Transcribe every record that appears below, exactly and in full.

Supplied data
————

(* Let $d\ge2$ and $f=\frac1n\sum_{i=1}^n f_i$, where each $f_i:\mathbb{R}^d\to\mathbb{R}$ is twice differentiable with $L$-Lipschitz Hessian. Let $\mathcal{B}$ be a multiset of $b$ indices drawn i.i.d. uniformly (with replacement) from $\{1,\dots,n\}$ and $h_{\mathcal{B}}:=\frac1b\sum_{i\in\mathcal{B}}f_i$. Then for all $x,\tilde x\in\mathbb{R}^d$, $$ \mathbb{E}_{\mathcal{B}}\|\mathcal{G}(h_{\mathcal{B}},x,\tilde x)-\nabla f(x)\|^{3/2}\le\Bigl(\frac{L}{\sqrt b}\Bigr)^{3/2}\|x-\tilde x\|^3,\qquad \mathbb{E}_{\mathcal{B}}\|\mathcal{H}(h_{\mathcal{B}},x,\tilde x)-\nabla^2 f(x)\|^{3}\le C\Bigl(\frac{\sqrt{\log d}\,L}{\sqrt b}\Bigr)^{3}\|x-\tilde x\|^3, $$ with $C$ an absolute numerical constant; i.e. $h_{\mathcal{B}}$ satisfies the Lipschitz similarity condition with $\delta_1=L/\sqrt b$ and $\delta_2=\mathcal{O}(\sqrt{\log d}\,L/\sqrt b)$.
   Context: $\|\cdot\|$ is the Euclidean norm on vectors and the spectral norm on symmetric matrices. For twice differentiable $h$ and $x,\tilde x\in\mathbb{R}^d$ define $\mathcal{G}(h,x,\tilde x):=\nabla h(x)-\nabla h(\tilde x)+\nabla f(\tilde x)+(\nabla^2 f(\tilde x)-\nabla^2 h(\tilde x))(x-\tilde x)$ and $\mathcal{H}(h,x,\tilde x):=\nabla^2 h(x)-\nabla^2 h(\tilde x)+\nabla^2 f(\tilde x)$. A (random) helper pair $h_1,h_2$ satisfies the Lipschitz similarity condition with $\delta_1,\delta_2\ge0$ if for all $x,\tilde x$: $\mathbb{E}\|\mathcal{G}(h_1,x,\tilde x)-\nabla f(x)\|^{3/2}\le\delta_1^{3/2}\|x-\tilde x\|^3$ and $\mathbb{E}\|\mathcal{H}(h_2,x,\tilde x)-\nabla^2 f(x)\|^3\le\delta_2^3\|x-\tilde x\|^3$. *)

theory Defs
  imports "HOL-Analysis.Analysis" "HOL-Library.Function_Algebras"
begin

————

Exercise solution
(* Let $d\ge2$ and $f=\frac1n\sum_{i=1}^n f_i$, where each $f_i:\mathbb{R}^d\to\mathbb{R}$ is twice differentiable with $L$-Lipschitz Hessian. Let $\mathcal{B}$ be a multiset of $b$ indices drawn i.i.d. uniformly (with replacement) from $\{1,\dots,n\}$ and $h_{\mathcal{B}}:=\frac1b\sum_{i\in\mathcal{B}}f_i$. Then for all $x,\tilde x\in\mathbb{R}^d$, $$ \mathbb{E}_{\mathcal{B}}\|\mathcal{G}(h_{\mathcal{B}},x,\tilde x)-\nabla f(x)\|^{3/2}\le\Bigl(\frac{L}{\sqrt b}\Bigr)^{3/2}\|x-\tilde x\|^3,\qquad \mathbb{E}_{\mathcal{B}}\|\mathcal{H}(h_{\mathcal{B}},x,\tilde x)-\nabla^2 f(x)\|^{3}\le C\Bigl(\frac{\sqrt{\log d}\,L}{\sqrt b}\Bigr)^{3}\|x-\tilde x\|^3, $$ with $C$ an absolute numerical constant; i.e. $h_{\mathcal{B}}$ satisfies the Lipschitz similarity condition with $\delta_1=L/\sqrt b$ and $\delta_2=\mathcal{O}(\sqrt{\log d}\,L/\sqrt b)$.
   Context: $\|\cdot\|$ is the Euclidean norm on vectors and the spectral norm on symmetric matrices. For twice differentiable $h$ and $x,\tilde x\in\mathbb{R}^d$ define $\mathcal{G}(h,x,\tilde x):=\nabla h(x)-\nabla h(\tilde x)+\nabla f(\tilde x)+(\nabla^2 f(\tilde x)-\nabla^2 h(\tilde x))(x-\tilde x)$ and $\mathcal{H}(h,x,\tilde x):=\nabla^2 h(x)-\nabla^2 h(\tilde x)+\nabla^2 f(\tilde x)$. A (random) helper pair $h_1,h_2$ satisfies the Lipschitz similarity condition with $\delta_1,\delta_2\ge0$ if for all $x,\tilde x$: $\mathbb{E}\|\mathcal{G}(h_1,x,\tilde x)-\nabla f(x)\|^{3/2}\le\delta_1^{3/2}\|x-\tilde x\|^3$ and $\mathbb{E}\|\mathcal{H}(h_2,x,\tilde x)-\nabla^2 f(x)\|^3\le\delta_2^3\|x-\tilde x\|^3$. *)

theory Defs
  imports "HOL-Analysis.Analysis" "HOL-Library.Function_Algebras"
begin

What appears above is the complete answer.